■ About this task ■
Transcribe exactly the lines that fall between the one holding "text \<open>Parities: \<open>False\<close>" and the one holding "then G1 else", inclusive, from the entries below.

■ Materials provided ■
(* Let $k\in I$ with $a_{kk}=0$ and $p(k)=1$. Define $r_k(\alpha_k)=-\alpha_k$; for $i\ne k$, $r_k(\alpha_i)=\alpha_i$ if $a_{ik}=a_{ki}=0$ and $r_k(\alpha_i)=\alpha_i+\alpha_k$ otherwise. Define $X'_k=Y_k$, $Y'_k=X_k$; for $i\neq k$ with $a_{ik}=a_{ki}=0$ put $X'_i=X_i$, $Y'_i=Y_i$; for $i\neq k$ with $a_{ik}\ne0$ or $a_{ki}\neq0$ put $X'_i=[X_i,X_k]$, $Y'_i=[Y_i,Y_k]$; and $h'_i=[X'_i,Y'_i]$. Then $r_k(\alpha_1),\dots,r_k(\alpha_n)$ are linearly independent, and for all $h\in\mathfrak h$ and $i,j\in I$: $[h,X'_i]=r_k(\alpha_i)(h)X'_i$, $[h,Y'_i]=-r_k(\alpha_i)(h)Y'_i$, $[X'_i,Y'_j]=\delta_{ij}h'_i$. Moreover, if $\alpha_k$ is regular (i.e. for every $j\neq k$, $a_{kj}=0$ implies $a_{jk}=0$), then $\mathfrak h$ together with $X'_1,\dots,X'_n,Y'_1,\dots,Y'_n$ generate $\mathfrak g(A)$.
   Context: Let $I=\{1,\dots,n\}$, let $A=(a_{ij})_{i,j\in I}$ be a complex $n\times n$ matrix and $p:I\to\mathbb Z_2$ a parity function. Fix a complex vector space $\mathfrak h$ of dimension $n+\operatorname{corank}(A)$, linearly independent $\alpha_1,\dots,\alpha_n\in\mathfrak h^*$ and $h_1,\dots,h_n\in\mathfrak h$ with $\alpha_j(h_i)=a_{ij}$. Let $\bar{\mathfrak g}(A)$ be the Lie superalgebra generated by $\mathfrak h$ (even, abelian) and elements $X_i,Y_i$ ($i\in I$) of parity $p(i)$ subject to $[h,X_i]=\alpha_i(h)X_i$, $[h,Y_i]=-\alpha_i(h)Y_i$, $[X_i,Y_j]=\delta_{ij}h_i$. The contragredient Lie superalgebra $\mathfrak g(A)$ is the quotient of $\bar{\mathfrak g}(A)$ by the unique maximal ideal meeting $\mathfrak h$ trivially; we keep writing $X_i,Y_i,h_i$ for the images. *)

theory Defs
  imports Complex_Main "HOL-Library.Function_Algebras"
begin

text \<open>Parities: \<open>False\<close> = even (0 in Z2), \<open>True\<close> = odd (1 in Z2).
  The homogeneous component of parity \<open>a\<close> is \<open>G0\<close> resp. \<open>G1\<close>.\<close>

definition par_part :: "'g set \<Rightarrow> 'g set \<Rightarrow> bool \<Rightarrow> 'g set" where
  "par_part G0 G1 a = (if a then G1 else G0)"

definition psign :: "bool \<Rightarrow> bool \<Rightarrow> complex" where
  "psign a b = (if a \<and> b then -1 else 1)"
lemma Dmet_eq_DYmet:
  assumes "r \<ge> 2" "p 0 = q 0"
  shows "Dmet r nn \<alpha> p q = DYmet r nn \<alpha> p q"
proof (rule antisym)
  have "bnorm (nn i) (p i - q i) powr (\<alpha> 0 / \<alpha> i) \<le> DYmet r nn \<alpha> p q" if "i < r" for i
  proof (cases "i = 0")
    case True then show ?thesis using assms DYmet_nonneg[of r nn \<alpha> p q] by (simp add: bnorm_def)
  next
    case False then show ?thesis using that unfolding DYmet_def by (intro Max_ge) auto
  qed
  then show "Dmet r nn \<alpha> p q \<le> DYmet r nn \<alpha> p q"
    unfolding Dmet_def[of r] using assms by (subst Max_le_iff) (auto simp: lessThan_empty_iff)
qed (rule DYmet_le_Dmet[OF assms(1)])

lemma DYmet_eq_0:
  assumes "r \<ge> 2" "\<forall>i\<in>{1..<r}. p i = q i"
  shows "DYmet r nn \<alpha> p q = 0"
  unfolding DYmet_def
  by (rule Max_eqI) (use assms in \<open>auto simp: bnorm_def intro!: image_eqI[of _ _ 1]\<close>)
lemma card_ge_if_forwarding_subgraph:
  assumes "simple_graph V E" "s \<noteq> d" "forwarding_subgraph V E s d P F"
    "avoids_single_link_failures d P F"
  shows "2 * path_len P + 1 \<le> card F"
proof (rule card_ge_if_avoids_single_link_failures)
  from assms(3) have arcs_E: "\<forall>(u, v) \<in> F. {u, v} \<in> E" and path: "upath V E P"
    and ends: "hd P = s" "last P = d"
    unfolding forwarding_subgraph_def by auto
  show "finite F" using assms(1) arcs_E by (rule finite_arcs_of_simple_graph)
  show "acyclic F" "arcs_of P \<subseteq> F" using assms(3) unfolding forwarding_subgraph_def by auto
  show "distinct P" using path by (simp add: upath_def)
  have "P \<noteq> []" using path by (simp add: upath_def)
  with ends assms(2) show "2 \<le> length P" by (cases P) (auto simp: Suc_le_eq)
qed (use assms in \<open>simp_all add: forwarding_subgraph_def\<close>)

theorem theorem1:
  shows "(\<forall>(V :: 'a set) E (w :: 'a set \<Rightarrow> real) s d P F.
            simple_graph V E \<and> two_connected V E \<and> (\<forall>e\<in>E. w e > 0) \<and>
            s \<in> V \<and> d \<in> V \<and> s \<noteq> d \<and>
            shortest_path V E w s d P \<and> forwarding_subgraph V E s d P F \<and>
            avoids_single_link_failures d P F
            \<longrightarrow> card F \<ge> 2 * path_len P + 1)
       \<and> (\<forall>k::nat \<ge> 1. \<exists>(V :: nat set) E (w :: nat set \<Rightarrow> real) s d P F.
            simple_graph V E \<and> two_connected V E \<and> (\<forall>e\<in>E. w e > 0) \<and>
            s \<in> V \<and> d \<in> V \<and> s \<noteq> d \<and>
            shortest_path V E w s d P \<and> path_len P = k \<and>
            forwarding_subgraph V E s d P F \<and>
            avoids_single_link_failures d P F \<and>
            finite F \<and> card F = 2 * path_len P + 1)"
proof (intro conjI allI impI)
  show "card F \<ge> 2 * path_len P + 1"
    if "simple_graph V E \<and> two_connected V E \<and> (\<forall>e\<in>E. w e > 0) \<and>
      s \<in> V \<and> d \<in> V \<and> s \<noteq> d \<and>
      shortest_path V E w s d P \<and> forwarding_subgraph V E s d P F \<and>
      avoids_single_link_failures d P F"
    for V :: "'a set" and E w s d P F
    using that card_ge_if_forwarding_subgraph[of V E s d P F] by blast
qed (rule forwarding_subgraph_bound_attained)

end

■ Exercise answer ■
text \<open>Parities: \<open>False\<close> = even (0 in Z2), \<open>True\<close> = odd (1 in Z2).
  The homogeneous component of parity \<open>a\<close> is \<open>G0\<close> resp. \<open>G1\<close>.\<close>

definition par_part :: "'g set \<Rightarrow> 'g set \<Rightarrow> bool \<Rightarrow> 'g set" where
  "par_part G0 G1 a = (if a then G1 else G0)"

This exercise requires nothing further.